On the server side, vLLM's FastAPI endpoint sends each generated token (or batch of tokens, controlled by stream_interval) as an SSE event. The OpenAI SDK transparently handles the SSE parsing, deserializing each event into a typed ChatCompletionChunk object.
Each chunk's content is found at chunk.choices[0].delta.content. The delta object is sparse: it contains only the fields that changed since the last chunk. The first chunk typically includes the role, middle chunks include content fragments, and the final chunk has an empty delta with a finish_reason.
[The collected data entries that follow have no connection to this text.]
lemma curves_through_Un_subset:
  "curves_through A g T Z (Q \<union> Q') \<subseteq> curves_through A g T Z Q \<union> curves_through A g T Z Q'"
proof
  fix C assume "C \<in> curves_through A g T Z (Q \<union> Q')"
  then have curve: "C \<in> fd_causal_curves A g T"
    and passes: "\<And>\<kappa> \<nu>. (\<kappa>, \<nu>) \<in> C \<Longrightarrow> passes_through Z (Q \<union> Q') \<kappa> \<nu>"
    unfolding curves_through_iff by auto
  then obtain \<iota> \<mu> where C_def: "C = curve_of \<iota> \<mu>"
    unfolding fd_causal_curves_def by blast
  have image: "\<nu> ` \<kappa> = \<mu> ` \<iota>" if "(\<kappa>, \<nu>) \<in> C" for \<kappa> \<nu>
    using image_curve_of that unfolding C_def .
  show "C \<in> curves_through A g T Z Q \<union> curves_through A g T Z Q'"
  proof (cases "\<mu> ` \<iota> \<inter> Q = {}")
    case False
    have "passes_through Z Q \<kappa> \<nu>" if "(\<kappa>, \<nu>) \<in> C" for \<kappa> \<nu>
    proof -
      have "\<nu> ` \<kappa> \<inter> Q \<noteq> {}"
        using False image[OF that] by simp
      then show ?thesis
        using passes[OF that] unfolding passes_through_def by blast
    qed
    then show ?thesis
      using curve by (auto simp: curves_through_iff)
  next
    case True
    have "passes_through Z Q' \<kappa> \<nu>" if "(\<kappa>, \<nu>) \<in> C" for \<kappa> \<nu>
    proof -
      have "\<nu> ` \<kappa> \<inter> Q = {}"
        using True image[OF that] by simp
      then show ?thesis
        using passes[OF that] unfolding passes_through_def by blast
    qed
    then show ?thesis
      using curve by (auto simp: curves_through_iff)
  qed
qed
lemma has_integral_power_mult_power_one_minus:
  "((\<lambda>t::real. t ^ m * (1 - t) ^ n) has_integral
      1 / ((real (m + n) + 1) * real ((m + n) choose m))) {0..1}"
proof -
  have "((\<lambda>t. t powr (real m + 1 - 1) * (1 - t) powr (real n + 1 - 1)) has_integral
          Beta (real m + 1) (real n + 1)) {0<..<1}"
    using has_integral_Beta_real[of "real m + 1" "real n + 1"] by (simp add: has_integral_Icc_iff_Ioo)
  then have "((\<lambda>t::real. t ^ m * (1 - t) ^ n) has_integral Beta (real m + 1) (real n + 1)) {0<..<1}"
    by (rule has_integral_eq[rotated]) (simp add: powr_realpow)
  moreover have "Beta (real m + 1) (real n + 1) = 1 / ((real (m + n) + 1) * real ((m + n) choose m))"
  proof -
    have "Beta (real m + 1) (real n + 1) = fact m * fact n / fact (m + n + 1)"
      using Gamma_fact[of m, where 'a=real] Gamma_fact[of n, where 'a=real]
        Gamma_fact[of "m + n + 1", where 'a=real]
      by (simp add: Beta_def add_ac)
    also have "\<dots> = 1 / ((real (m + n) + 1) * real ((m + n) choose m))"
      by (simp add: binomial_fact field_simps)
    finally show ?thesis .
  qed
  ultimately show ?thesis
    by (simp add: has_integral_Icc_iff_Ioo)
qed

lemma has_integral_t_one_minus_t_cubed_power:
  "((\<lambda>t::real. (t * (1 - t)^3) ^ k) has_integral
      1 / ((4 * real k + 1) * real ((4 * k) choose k))) {0..1}"
  using has_integral_power_mult_power_one_minus[of k "3 * k"]
  by (simp add: power_mult_distrib power_mult)

lemma has_integral_series_termwise:
  fixes f :: "nat \<Rightarrow> 'a::ordered_euclidean_space \<Rightarrow> 'b::banach"
  assumes cont: "\<And>n. continuous_on {a..b} (f n)"
    and int: "\<And>n. (f n has_integral I n) {a..b}"
    and bound: "\<And>n x. x \<in> {a..b} \<Longrightarrow> norm (f n x) \<le> M n"
    and "summable M"
  shows "I sums integral {a..b} (\<lambda>x. \<Sum>n. f n x)"
proof -
  have "uniform_limit {a..b} (\<lambda>n x. \<Sum>i<n. f i x) (\<lambda>x. \<Sum>n. f n x) sequentially"
    by (rule Weierstrass_m_test[OF bound \<open>summable M\<close>])
  moreover have "continuous_on {a..b} (\<lambda>x. \<Sum>i<n. f i x)" for n
    by (intro continuous_on_sum cont)
  ultimately obtain S J where S: "\<And>n. ((\<lambda>x. \<Sum>i<n. f i x) has_integral S n) {a..b}"
    and J: "((\<lambda>x. \<Sum>n. f n x) has_integral J) {a..b}" and "S \<longlonglongrightarrow> J"
    by (rule uniform_limit_integral) auto
  moreover have "S = (\<lambda>n. \<Sum>i<n. I i)"
    using has_integral_unique[OF S has_integral_sum[OF finite_lessThan int]] by blast
  ultimately show ?thesis
    by (simp add: sums_def integral_unique)
qed

lemma t_one_minus_t_cubed_le:
  fixes t :: real
  shows "t * (1 - t)^3 \<le> 27 / 256"
proof -
  have "27 / 256 - t * (1 - t)^3 = (4 * t - 1)^2 * ((4 * t - 5)^2 + 2) / 256"
    by algebra
  also have "\<dots> \<ge> 0" by simp
  finally show ?thesis by simp
qed

lemma norm_quadratic_times_power_le:
  fixes y :: real
  assumes "\<bar>y\<bar> \<le> \<rho>"
  shows "norm ((a * real k ^ 2 + b * real k + c) * y ^ k)
    \<le> (\<bar>a\<bar> * real k ^ 2 + \<bar>b\<bar> * real k + \<bar>c\<bar>) * \<rho> ^ k"
proof -
  have "\<bar>a * real k ^ 2 + b * real k + c\<bar> \<le> \<bar>a\<bar> * real k ^ 2 + \<bar>b\<bar> * real k + \<bar>c\<bar>"
    by (intro order.trans[OF abs_triangle_ineq] add_mono) (auto simp: abs_mult)
  moreover have "\<bar>y\<bar> ^ k \<le> \<rho> ^ k"
    using assms by (intro power_mono) auto
  ultimately show ?thesis
    by (simp add: abs_mult power_abs mult_mono)
qed

lemma quadratic_over_binomial_4k_sums:
  fixes a b c x :: real and F :: "real \<Rightarrow> real"
  assumes x: "27 / 256 < \<bar>x\<bar>"
    and F: "\<And>t. t \<in> {0..1} \<Longrightarrow>
      (F has_real_derivative quadratic_gf a b c (t * (1 - t)^3 / x)) (at t within {0..1})"
  shows "(\<lambda>k. (a * real k ^ 2 + b * real k + c) /
            ((4 * real k + 1) * x ^ k * real ((4 * k) choose k))) sums (F 1 - F 0)"
proof -
  define y where "y t = t * (1 - t)^3 / x" for t
  define \<rho> where "\<rho> = 27 / (256 * \<bar>x\<bar>)"
  define f where "f k t = (a * real k ^ 2 + b * real k + c) * y t ^ k" for k t
  have "x \<noteq> 0" and \<rho>: "0 \<le> \<rho>" "\<rho> < 1"
    using x by (auto simp: \<rho>_def)
  have y_le: "\<bar>y t\<bar> \<le> \<rho>" if "t \<in> {0..1}" for t
    using that t_one_minus_t_cubed_le[of t] \<open>x \<noteq> 0\<close>
    by (auto simp: y_def \<rho>_def abs_divide field_simps)
  have f_integral: "(f k has_integral (a * real k ^ 2 + b * real k + c) /
            ((4 * real k + 1) * x ^ k * real ((4 * k) choose k))) {0..1}" for k
  proof -
    define P where "P = a * real k ^ 2 + b * real k + c"
    have "((\<lambda>t. P / x ^ k * (t * (1 - t)^3) ^ k) has_integral
        P / x ^ k * (1 / ((4 * real k + 1) * real ((4 * k) choose k)))) {0..1}"
      by (rule has_integral_mult_right[OF has_integral_t_one_minus_t_cubed_power])
    moreover have "f k = (\<lambda>t. P / x ^ k * (t * (1 - t)^3) ^ k)"
      by (simp add: fun_eq_iff f_def y_def P_def power_divide)
    ultimately show ?thesis
      by (simp add: P_def mult_ac)
  qed
  have f_bound: "norm (f k t) \<le> (\<bar>a\<bar> * real k ^ 2 + \<bar>b\<bar> * real k + \<bar>c\<bar>) * \<rho> ^ k"
    if "t \<in> {0..1}" for k t
    unfolding f_def using y_le[OF that] by (rule norm_quadratic_times_power_le)
  have "summable (\<lambda>k. (\<bar>a\<bar> * real k ^ 2 + \<bar>b\<bar> * real k + \<bar>c\<bar>) * \<rho> ^ k)"
    using quadratic_gf_sums[of \<rho>] \<rho> by (auto intro: sums_summable)
  then have "(\<lambda>k. (a * real k ^ 2 + b * real k + c) /
      ((4 * real k + 1) * x ^ k * real ((4 * k) choose k))) sums integral {0..1} (\<lambda>t. \<Sum>k. f k t)"
    using \<open>x \<noteq> 0\<close> by (intro has_integral_series_termwise[OF _ f_integral f_bound])
      (auto simp: f_def y_def intro!: continuous_intros)
  also have "integral {0..1} (\<lambda>t. \<Sum>k. f k t) = integral {0..1} (\<lambda>t. quadratic_gf a b c (y t))"
  proof (rule integral_cong)
    fix t :: real assume "t \<in> {0..1}"
    then have "norm (y t) < 1" using y_le \<rho> by fastforce
    then show "(\<Sum>k. f k t) = quadratic_gf a b c (y t)"
      unfolding f_def by (rule sums_unique[OF quadratic_gf_sums, symmetric])
  qed
  also have "\<dots> = F 1 - F 0"
    unfolding y_def
    by (intro integral_unique fundamental_theorem_of_calculus)
      (auto simp: has_real_derivative_iff_has_vector_derivative[symmetric] intro: F)
  finally show ?thesis .
qed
This is a wrapper around the external openai SDK. The vLLM project provides streaming examples in examples/online_serving/openai_chat_completion_client.py and examples/online_serving/openai_chat_completion_with_reasoning_streaming.py.
Usage
Use streaming when building interactive applications where time-to-first-token matters. The client iterates over chunks and processes each content delta as it arrives. Always check that delta.content is not None before using it, as some chunks carry only metadata (role assignment, finish reason).
Code Reference
Source Location
- Repository: openai-python (client SDK)
- File: External SDK; vLLM streaming example at
examples/online_serving/openai_chat_completion_with_reasoning_streaming.py - Server-side SSE:
vllm/entrypoints/openai/(FastAPI SSE endpoints)
Signature
# Enable streaming by passing stream=True
stream = client.chat.completions.create(
model: str,
messages: list[dict],
stream: bool = True,
temperature: float = 1.0,
max_tokens: int | None = None,
...
) -> Stream[ChatCompletionChunk]
# Iterate over the stream
for chunk in stream:
content = chunk.choices[0].delta.content
if content is not None:
print(content, end="", flush=True)
Import
from openai import OpenAI
I/O Contract
Inputs
| Name | Type | Required | Description |
|---|---|---|---|
| model | str |
Yes | Name of the model being served by the vLLM server. |
| messages | list[dict] |
Yes | Conversation history as role/content message dicts. |
| stream | bool |
Yes | Must be set to True to enable streaming.
|
| temperature | float |
No | Sampling temperature. Default: 1.0. |
| max_tokens | None | No | Maximum tokens to generate. Default: model-specific. |
| top_p | float |
No | Nucleus sampling threshold. Default: 1.0. |
| stop | list[str] | None | No | Stop sequences. Default: None. |
Outputs
| Name | Type | Description |
|---|---|---|
| Stream[ChatCompletionChunk] | Iterator |
An iterable of chunk objects, one per SSE event. |
| chunk.choices[0].delta.content | None | The incremental text fragment for this chunk. None for metadata-only chunks. |
| chunk.choices[0].delta.role | None | The role (typically "assistant"), present only in the first chunk. |
| chunk.choices[0].finish_reason | None | Set to "stop" or "length" in the final chunk; None for intermediate chunks. |
| chunk.id | str |
Unique identifier for the completion, consistent across all chunks. |
| chunk.model | str |
The model that generated the response. |
Usage Examples
Basic Streaming Chat
from openai import OpenAI
client = OpenAI(api_key="EMPTY", base_url="http://localhost:8000/v1")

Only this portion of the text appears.